Ralph Waldo Emerson, Lectures and Biographical Sketches, 1883

In last week’s article, I wrote about the idea that while speed is good for many things, it’s not good for everything. Some purchases—a serious meal, a custom bag, a long-anticipated watch—deserve more time. The problem isn’t waiting; it’s when waiting is opaque and undignified. Rolex is the clearest example of this, not because their watches may require buyers to wait months or even years, but because those buyers wait with zero visibility into the process, and often find themselves jumping through hoops they think might shorten that wait.

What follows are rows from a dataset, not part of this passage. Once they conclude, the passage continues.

lemma card_children_weight_ne_1_le_1:
  assumes xv: "{x, v} \<in> E" and on_path: "x \<in> set (gpath (V \<union> A) E v0 v)" and v: "v \<in> V"
  shows "card {c \<in> children x v. q {v, c} v \<noteq> 1} \<le> 1"
proof -
  have v0: "v0 \<in> V \<union> A"
    using root_vertex by blast
  have "v \<noteq> v0"
    using on_path gpath_self[OF v0] edge_doubleton[OF xv] by auto
  have "{e \<in> E. v \<in> e \<and> e \<notin> set (path_edges (gpath (V \<union> A) E v0 v)) \<and> q e v \<noteq> 1} =
      {e \<in> {e \<in> E. v \<in> e}. e \<noteq> {x, v} \<and> q e v \<noteq> 1}"
    using gpath_edge_at_end_iff[OF v0 xv on_path] by blast
  also have "\<dots> = {e \<in> (\<lambda>c. {v, c}) ` children x v. q e v \<noteq> 1}"
    unfolding edges_at_eq[OF xv] by (auto simp: children_def doubleton_eq_iff)
  also have "\<dots> = (\<lambda>c. {v, c}) ` {c \<in> children x v. q {v, c} v \<noteq> 1}"
    by blast
  finally have "card {e \<in> E. v \<in> e \<and> e \<notin> set (path_edges (gpath (V \<union> A) E v0 v)) \<and> q e v \<noteq> 1} =
      card ((\<lambda>c. {v, c}) ` {c \<in> children x v. q {v, c} v \<noteq> 1})"
    by simp
  also have "\<dots> = card {c \<in> children x v. q {v, c} v \<noteq> 1}"
    by (rule card_image, rule inj_on_subset[OF inj_on_children_edge]) blast
  finally show ?thesis
    using root_condition[of v] v \<open>v \<noteq> v0\<close> by simp
qed

lemma pfun_arrow:
  assumes xv: "{x, v} \<in> E" and v: "v \<in> A" "f v \<in> {0, 1}"
  shows "pfun V A E f q x {x, v} = 1 + (\<Sum>y\<in>Yset V A E f x {x, v}. phi V A E q x y * (int (valency E y) - 2))"
proof -
  have "children x v = {}"
    using valency_eq_card_children[OF xv] valency_arrow[OF v(1)] finite_children by simp
  then have branch: "branch x v = {v}" and side: "side_edges x v = {}" and phi: "phi V A E q x v = 1"
    using branch_decomp[OF xv] side_edges_edge[OF xv] phi_path_edge[OF xv, of q]
    by (simp_all add: phi_def)
  have "v \<notin> V"
    using v(1) vertices_arrows_disjoint by blast
  from v(2) consider "f v = 0" | "f v = 1"
    by blast
  then show ?thesis
  proof cases
    case 1
    then show ?thesis
      using branch phi v valency_arrow[OF v(1)] by (simp add: pfun_eq_sum_branch Yset_eq_branch A0_def)
  next
    case 2
    moreover have "xhat V A E f q x v = f v * (\<Prod>e\<in>side_edges x v. q_path q e (gpath (V \<union> A) E x v))"
      by (simp add: xhat_def side_edges_def)
    ultimately show ?thesis
      using branch side v \<open>v \<notin> V\<close> by (simp add: pfun_eq_sum_branch Yset_eq_branch A0_def)
  qed
qed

The Rolls-Royce Bespoke process suggests a better model, where there’s a wait, but that wait is explained and the buyer is kept informed along the way.

Buying a car versus buying a watch

The Rolls-Royce Bespoke process is dignified, with no begging, pleading, or storytelling; transparent, with the buyer aware of why their vehicle’s production is scheduled as it is; and global, with one list—no hopping from dealer to dealer.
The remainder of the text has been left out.